§ **Input**
(* Let $n\ge 3$ and let $X_n$ be the doubled regular $n$-gon. Let $\gamma\colon S^1\to X_n$ be an over-under curve between adjacent edges on $X_n$. Then: (1) if $n$ is even, $\gamma$ is a $1/n$-geodesic; (2) if $n$ is odd, $\gamma$ is a $1/2n$-geodesic.
   Context: The doubled regular $n$-gon $X_n$ is the metric space obtained by gluing two congruent regular $n$-gons (a "top face" and a "bottom face") along their common boundary edges. The distance between two points on the same face is the Euclidean distance; the distance between points $x,y$ on opposite faces is $\min_z\{d(x,z)+d(z,y)\}$, where $d$ is the Euclidean distance on each face and $z$ ranges over the boundary (edge) points. A geodesic is a locally length-minimizing curve; a closed geodesic is a map $\gamma\colon S^1\to X_n$ that is locally length minimizing at every $t\in S^1$. Geodesics are straight segments within each face and, when crossing an edge from one face to the other, reflect like billiard paths (angle of incidence equals angle of reflection). An over-under curve between adjacent edges is the closed geodesic (parametrized with constant speed and traversed once until it closes up smoothly) that passes through the midpoints of adjacent edges: its segments join the midpoints of consecutive adjacent edges, alternately on the top and bottom faces. (For $n$ even it closes smoothly after $n$ segments; for $n$ odd it needs $2n$ segments.) For $k\in\mathbb{N}$, a $1/k$-geodesic is a constant speed closed geodesic $\gamma\colon S^1\to X_n$ of length $L$ that minimizes on all subintervals of length $L/k$, i.e. for every subinterval of $S^1$ on which $\gamma$ has length $L/k$, the length of $\gamma$ restricted to it equals the distance in $X_n$ between its endpoints. *)

theory Defs
  imports "HOL-Analysis.Analysis"
begin

text \<open>Vertices of the regular n-gon inscribed in the unit circle (indices are integers,
  taken mod n automatically by periodicity of cis).\<close>
definition vertex :: "nat \<Rightarrow> int \<Rightarrow> complex" where
  "vertex n k = cis (2 * pi * real_of_int k / real n)"

definition polygon :: "nat \<Rightarrow> complex set" where
  "polygon n = convex hull {vertex n (int k) | k. k < n}"

text \<open>A point of X_n is a pair (face, position); True = top face, False = bottom face.
  Points on the boundary of the two faces are identified (their distance is 0).\<close>
definition XN :: "nat \<Rightarrow> (bool \<times> complex) set" where
  "XN n = {(b, p). p \<in> polygon n}"

definition dX :: "nat \<Rightarrow> bool \<times> complex \<Rightarrow> bool \<times> complex \<Rightarrow> real" where
  "dX n x y = (if fst x = fst y then dist (snd x) (snd y)
               else Inf {dist (snd x) z + dist z (snd y) | z. z \<in> frontier (polygon n)})"

section \<open>Lengths and geodesics (curves on S^1 = R/Z, i.e. 1-periodic maps R \<to> X_n)\<close>

definition curve_length :: "nat \<Rightarrow> (real \<Rightarrow> bool \<times> complex) \<Rightarrow> real \<Rightarrow> real \<Rightarrow> real" where
  "curve_length n \<gamma> a b = Sup {(\<Sum>i<m. dX n (\<gamma> (t i)) (\<gamma> (t (Suc i)))) | t m.
       t 0 = a \<and> t m = b \<and> (\<forall>i<m. t i \<le> t (Suc i))}"

definition closed_curve :: "nat \<Rightarrow> (real \<Rightarrow> bool \<times> complex) \<Rightarrow> bool" where
  "closed_curve n \<gamma> \<longleftrightarrow> (\<forall>t. \<gamma> t \<in> XN n) \<and> (\<forall>t. \<gamma> (t + 1) = \<gamma> t)"

definition total_length :: "nat \<Rightarrow> (real \<Rightarrow> bool \<times> complex) \<Rightarrow> real" where
  "total_length n \<gamma> = curve_length n \<gamma> 0 1"

definition constant_speed :: "nat \<Rightarrow> (real \<Rightarrow> bool \<times> complex) \<Rightarrow> bool" where
  "constant_speed n \<gamma> \<longleftrightarrow>
     (\<forall>a b. a \<le> b \<longrightarrow> curve_length n \<gamma> a b = (b - a) * total_length n \<gamma>)"

definition locally_minimizing_at :: "nat \<Rightarrow> (real \<Rightarrow> bool \<times> complex) \<Rightarrow> real \<Rightarrow> bool" where
  "locally_minimizing_at n \<gamma> t \<longleftrightarrow> (\<exists>\<epsilon>>0. \<forall>a b. t - \<epsilon> \<le> a \<longrightarrow> a \<le> b \<longrightarrow> b \<le> t + \<epsilon> \<longrightarrow>
       curve_length n \<gamma> a b = dX n (\<gamma> a) (\<gamma> b))"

§ **Problem to solve**
Your response should be the exact lines running from the one with "n \<gamma> 0" to the final line of the material above.

§ **Written reply**
  "total_length n \<gamma> = curve_length n \<gamma> 0 1"

definition constant_speed :: "nat \<Rightarrow> (real \<Rightarrow> bool \<times> complex) \<Rightarrow> bool" where
  "constant_speed n \<gamma> \<longleftrightarrow>
     (\<forall>a b. a \<le> b \<longrightarrow> curve_length n \<gamma> a b = (b - a) * total_length n \<gamma>)"

definition locally_minimizing_at :: "nat \<Rightarrow> (real \<Rightarrow> bool \<times> complex) \<Rightarrow> real \<Rightarrow> bool" where
  "locally_minimizing_at n \<gamma> t \<longleftrightarrow> (\<exists>\<epsilon>>0. \<forall>a b. t - \<epsilon> \<le> a \<longrightarrow> a \<le> b \<longrightarrow> b \<le> t + \<epsilon> \<longrightarrow>
       curve_length n \<gamma> a b = dX n (\<gamma> a) (\<gamma> b))"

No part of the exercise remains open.